→ **DATA**
*****

lemma l2_inner_shift_seq_le:
  assumes "i \<le> j"
  shows "l2_inner (shift_seq i c) (shift_seq j c) = (if i = j then 1 else 0)"
proof -
  define e where "e = j - i"
  have "summable (\<lambda>l. c l * cnj (c (l + e)))"
    using l2_coeffs summable_ignore_initial_segment[of "\<lambda>k. (cmod (c k))\<^sup>2" e]
    by (intro summable_l2_inner) (auto simp: l2_def)
  moreover have "(\<lambda>k. c (k + e) * cnj (c k)) sums l2_inner (shift_seq i c) (shift_seq j c)"
  proof -
    have "(\<lambda>k. shift_seq i c k * cnj (shift_seq j c k)) sums l2_inner (shift_seq i c) (shift_seq j c)"
      unfolding l2_inner_def by (intro summable_sums summable_l2_inner l2_shift_seq)
    then show ?thesis
      using assms by (subst (asm) sums_zero_iff_shift[of j, symmetric])
                     (auto simp: shift_seq_def e_def add.commute)
  qed
  ultimately have "l2_inner (shift_seq i c) (shift_seq j c) = cnj (\<Sum>k. c k * cnj (c (k + e)))"
    by (simp add: sums_iff suminf_cnj mult.commute)
  also have "\<dots> = cnj (if e = 0 then 1 else 0)" by (simp only: autocorrelation)
  finally show ?thesis using assms by (simp add: e_def)
qed

lemma l2_inner_shift_seq: "l2_inner (shift_seq i c) (shift_seq j c) = (if i = j then 1 else 0)"
proof (cases "i \<le> j")
  case False
  then show ?thesis
    using l2_inner_commute[OF l2_shift_seq l2_shift_seq, of j i] l2_inner_shift_seq_le[of j i] by simp
qed (rule l2_inner_shift_seq_le)

sublocale shifts: l2_orthonormal UNIV "\<lambda>i. shift_seq i c"
  by unfold_locales (simp_all add: l2_shift_seq l2_inner_shift_seq)

lemma seq_conv_eq_combination:
  assumes "\<And>k. k \<ge> N \<Longrightarrow> a k = 0"
  shows "seq_conv a c = (\<lambda>k. \<Sum>i\<in>{..<N}. a i * shift_seq i c k)"
proof
  show "seq_conv a c k = (\<Sum>i\<in>{..<N}. a i * shift_seq i c k)" for k
    by (rule seq_conv_finite_support) (rule assms)
qed

lemma l2_seq_conv_finite_support:
  assumes "\<And>k. k \<ge> N \<Longrightarrow> a k = 0"
  shows "seq_conv a c \<in> l2"
proof -
  have "seq_conv a c = (\<lambda>k. \<Sum>i\<in>{..<N}. a i * shift_seq i c k)"
    by (rule seq_conv_eq_combination) (rule assms)
  then show ?thesis by (simp add: shifts.l2_combination)
qed

lemma l2_normsq_seq_conv_finite_support:
  assumes "\<And>k. k \<ge> N \<Longrightarrow> a k = 0"
  shows "l2_normsq (seq_conv a c) = l2_normsq a"
proof -
  have "seq_conv a c = (\<lambda>k. \<Sum>i\<in>{..<N}. a i * shift_seq i c k)"
    by (rule seq_conv_eq_combination) (rule assms)
  then show ?thesis by (simp add: shifts.l2_normsq_combination l2_normsq_finite_support[of N] assms)
qed

lemma sum_norm_sq_seq_conv_le: "(\<Sum>k<N. (cmod (seq_conv a c k))\<^sup>2) \<le> (\<Sum>k<N. (cmod (a k))\<^sup>2)"
proof -
  have "(\<Sum>k<N. (cmod (seq_conv a c k))\<^sup>2) = (\<Sum>k<N. (cmod (seq_conv (truncate N a) c k))\<^sup>2)"
    by (simp add: seq_conv_truncate)
  also have "\<dots> \<le> l2_normsq (seq_conv (truncate N a) c)"
    by (intro sum_le_l2_normsq l2_seq_conv_finite_support[of N]) (auto simp: truncate_def)
  also have "\<dots> = l2_normsq (truncate N a)"
    by (rule l2_normsq_seq_conv_finite_support[of N]) (simp add: truncate_def)
  also have "\<dots> = (\<Sum>k<N. (cmod (a k))\<^sup>2)"
    by (subst l2_normsq_finite_support[of N]) (auto simp: truncate_def)
  finally show ?thesis .
qed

*****

→ **WHAT IS REQUIRED**
Using the material above, transcribe exactly the lines from the line with "by (intro summable_l2_inner)" to the line with "cnj (shift_seq j"; both count, and nothing else goes in.

→ **FINISHED EXERCISE**
    by (intro summable_l2_inner) (auto simp: l2_def)
  moreover have "(\<lambda>k. c (k + e) * cnj (c k)) sums l2_inner (shift_seq i c) (shift_seq j c)"
  proof -
    have "(\<lambda>k. shift_seq i c k * cnj (shift_seq j c k)) sums l2_inner (shift_seq i c) (shift_seq j c)"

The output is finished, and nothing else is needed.